WHAT THE EXERCISE ASKS: The data below is to be output in full, unchanged.

DATA RECORDS:
=== Begin Enclosure ===
(* Let $d\ge5$ and $k=k_0(d)$, where $k_0(d)=(d+1)/2$ if $d$ is odd and $k_0(d)=d/2+1$ if $d$ is even. Then for every $x>1$, $$\frac{(x+1)f'(x)}{k}<\big(1+\eta(x)\big)f(x).$$
   Context: $f(x)=\binom dk^{-1}\sum_{i=0}^{d-k}\binom ki\binom{d-k}{i}x^{k-i}$ and $\eta(x)=\dfrac{2k-d}{d-k+\sqrt{(d-k)^2+d(2k-d)f(x)}}$. *)

theory Defs
  imports "HOL-Analysis.Analysis"
begin

definition fpoly :: "nat \<Rightarrow> nat \<Rightarrow> real \<Rightarrow> real" where
  "fpoly d k x = (\<Sum>i=0..d-k. real (k choose i) * real ((d-k) choose i) * x ^ (k-i)) / real (d choose k)"

definition eta :: "nat \<Rightarrow> nat \<Rightarrow> real \<Rightarrow> real" where
  "eta d k x = (2 * real k - real d) /
     (real d - real k + sqrt ((real d - real k)^2 + real d * (2 * real k - real d) * fpoly d k x))"

definition k0 :: "nat \<Rightarrow> nat" where
  "k0 d = (if odd d then (d + 1) div 2 else d div 2 + 1)"

end

(* Expanding around x = 1 turns f and the excess (x + 1) f'(x) / k - f(x) into polynomials in
   y = x - 1 whose coefficients are products of binomial coefficients; all coefficients of the
   excess beyond the lowest few are nonpositive. Bounding the square root in eta by AM-GM reduces
   the claim to a polynomial inequality between the two expansions. For odd d only the constant
   term of the excess survives and the inequality comes down to f(x) > 1. For even d the excess
   is bounded by its terms of degree 0, 1 and 3 and f from below by its terms of degree 0, 1 and 2;
   after dividing by the central binomial coefficient (2n choose n), n = d/2 - 1, what remains is
   an explicit inequality in n and y. *)

theory Submission
  imports Defs
begin

section \<open>Expansion around x = 1\<close>

text \<open>With \<open>n = d - k\<close>, \<open>(d choose k) * f(x) = shifted_poly n k (x - 1)\<close> and
  \<open>(d choose k) * ((x + 1) * f'(x) / k - f(x)) = excess_poly n (k - 1) (x - 1)\<close>.\<close>

definition shifted_coeff :: "nat \<Rightarrow> nat \<Rightarrow> nat \<Rightarrow> real" where
  "shifted_coeff n k j = real (k choose j) * real ((k - j + n) choose n)"

definition shifted_poly :: "nat \<Rightarrow> nat \<Rightarrow> real \<Rightarrow> real" where
  "shifted_poly n k y = (\<Sum>j\<le>k. shifted_coeff n k j * y ^ j)"

definition excess_coeff :: "nat \<Rightarrow> nat \<Rightarrow> nat \<Rightarrow> real" where
  "excess_coeff n m j =
     real (m choose j) * (2 * real ((m - j + n) choose n) - real ((Suc m - j + n) choose n))"

definition excess_poly :: "nat \<Rightarrow> nat \<Rightarrow> real \<Rightarrow> real" where
  "excess_poly n m y = (\<Sum>j\<le>m. excess_coeff n m j * y ^ j)"

lemma choose_mult_comm:
  "(k choose i) * ((k - i) choose j) = (k choose j) * ((k - j) choose i)"
proof (cases "i + j \<le> k")
  case True
  have "(k choose (i + j)) * ((i + j) choose i) = (k choose i) * ((k - i) choose j)"
    using choose_mult[of i "i + j" k] True by simp
  moreover have "(k choose (i + j)) * ((i + j) choose j) = (k choose j) * ((k - j) choose i)"
    using choose_mult[of j "i + j" k] True by simp
  moreover have "(i + j) choose i = (i + j) choose j"
    using binomial_symmetric[of i "i + j"] by simp
  ultimately show ?thesis by simp
next
  case False
  then show ?thesis
    by (cases "i \<le> k"; cases "j \<le> k") (auto simp: binomial_eq_0)
qed

lemma sum_choose_choose_choose:
  assumes "j \<le> k"
  shows "(\<Sum>i\<le>n. (k choose i) * (n choose i) * ((k - i) choose j))
       = (k choose j) * ((k - j + n) choose n)"
proof -
  have "(\<Sum>i\<le>n. (k choose i) * (n choose i) * ((k - i) choose j))
      = (\<Sum>i\<le>n. (k choose j) * (((k - j) choose i) * (n choose (n - i))))"
  proof (rule sum.cong[OF refl])
    fix i assume "i \<in> {..n}"
    then have "n choose (n - i) = n choose i" using binomial_symmetric[of i n] by simp
    then show "(k choose i) * (n choose i) * ((k - i) choose j)
             = (k choose j) * (((k - j) choose i) * (n choose (n - i)))"
      using choose_mult_comm[of k i j] by (simp add: mult_ac)
  qed
  also have "\<dots> = (k choose j) * ((k - j + n) choose n)"
    by (simp add: sum_distrib_left[symmetric] vandermonde)
  finally show ?thesis .
qed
=== End Enclosure ===
RESPONSE TO THIS EXERCISE:
(* Let $d\ge5$ and $k=k_0(d)$, where $k_0(d)=(d+1)/2$ if $d$ is odd and $k_0(d)=d/2+1$ if $d$ is even. Then for every $x>1$, $$\frac{(x+1)f'(x)}{k}<\big(1+\eta(x)\big)f(x).$$
   Context: $f(x)=\binom dk^{-1}\sum_{i=0}^{d-k}\binom ki\binom{d-k}{i}x^{k-i}$ and $\eta(x)=\dfrac{2k-d}{d-k+\sqrt{(d-k)^2+d(2k-d)f(x)}}$. *)

theory Defs
  imports "HOL-Analysis.Analysis"
begin

definition fpoly :: "nat \<Rightarrow> nat \<Rightarrow> real \<Rightarrow> real" where
  "fpoly d k x = (\<Sum>i=0..d-k. real (k choose i) * real ((d-k) choose i) * x ^ (k-i)) / real (d choose k)"

definition eta :: "nat \<Rightarrow> nat \<Rightarrow> real \<Rightarrow> real" where
  "eta d k x = (2 * real k - real d) /
     (real d - real k + sqrt ((real d - real k)^2 + real d * (2 * real k - real d) * fpoly d k x))"

definition k0 :: "nat \<Rightarrow> nat" where
  "k0 d = (if odd d then (d + 1) div 2 else d div 2 + 1)"

end

(* Expanding around x = 1 turns f and the excess (x + 1) f'(x) / k - f(x) into polynomials in
   y = x - 1 whose coefficients are products of binomial coefficients; all coefficients of the
   excess beyond the lowest few are nonpositive. Bounding the square root in eta by AM-GM reduces
   the claim to a polynomial inequality between the two expansions. For odd d only the constant
   term of the excess survives and the inequality comes down to f(x) > 1. For even d the excess
   is bounded by its terms of degree 0, 1 and 3 and f from below by its terms of degree 0, 1 and 2;
   after dividing by the central binomial coefficient (2n choose n), n = d/2 - 1, what remains is
   an explicit inequality in n and y. *)

theory Submission
  imports Defs
begin

section \<open>Expansion around x = 1\<close>

text \<open>With \<open>n = d - k\<close>, \<open>(d choose k) * f(x) = shifted_poly n k (x - 1)\<close> and
  \<open>(d choose k) * ((x + 1) * f'(x) / k - f(x)) = excess_poly n (k - 1) (x - 1)\<close>.\<close>

definition shifted_coeff :: "nat \<Rightarrow> nat \<Rightarrow> nat \<Rightarrow> real" where
  "shifted_coeff n k j = real (k choose j) * real ((k - j + n) choose n)"

definition shifted_poly :: "nat \<Rightarrow> nat \<Rightarrow> real \<Rightarrow> real" where
  "shifted_poly n k y = (\<Sum>j\<le>k. shifted_coeff n k j * y ^ j)"

definition excess_coeff :: "nat \<Rightarrow> nat \<Rightarrow> nat \<Rightarrow> real" where
  "excess_coeff n m j =
     real (m choose j) * (2 * real ((m - j + n) choose n) - real ((Suc m - j + n) choose n))"

definition excess_poly :: "nat \<Rightarrow> nat \<Rightarrow> real \<Rightarrow> real" where
  "excess_poly n m y = (\<Sum>j\<le>m. excess_coeff n m j * y ^ j)"

lemma choose_mult_comm:
  "(k choose i) * ((k - i) choose j) = (k choose j) * ((k - j) choose i)"
proof (cases "i + j \<le> k")
  case True
  have "(k choose (i + j)) * ((i + j) choose i) = (k choose i) * ((k - i) choose j)"
    using choose_mult[of i "i + j" k] True by simp
  moreover have "(k choose (i + j)) * ((i + j) choose j) = (k choose j) * ((k - j) choose i)"
    using choose_mult[of j "i + j" k] True by simp
  moreover have "(i + j) choose i = (i + j) choose j"
    using binomial_symmetric[of i "i + j"] by simp
  ultimately show ?thesis by simp
next
  case False
  then show ?thesis
    by (cases "i \<le> k"; cases "j \<le> k") (auto simp: binomial_eq_0)
qed

lemma sum_choose_choose_choose:
  assumes "j \<le> k"
  shows "(\<Sum>i\<le>n. (k choose i) * (n choose i) * ((k - i) choose j))
       = (k choose j) * ((k - j + n) choose n)"
proof -
  have "(\<Sum>i\<le>n. (k choose i) * (n choose i) * ((k - i) choose j))
      = (\<Sum>i\<le>n. (k choose j) * (((k - j) choose i) * (n choose (n - i))))"
  proof (rule sum.cong[OF refl])
    fix i assume "i \<in> {..n}"
    then have "n choose (n - i) = n choose i" using binomial_symmetric[of i n] by simp
    then show "(k choose i) * (n choose i) * ((k - i) choose j)
             = (k choose j) * (((k - j) choose i) * (n choose (n - i)))"
      using choose_mult_comm[of k i j] by (simp add: mult_ac)
  qed
  also have "\<dots> = (k choose j) * ((k - j + n) choose n)"
    by (simp add: sum_distrib_left[symmetric] vandermonde)
  finally show ?thesis .
qed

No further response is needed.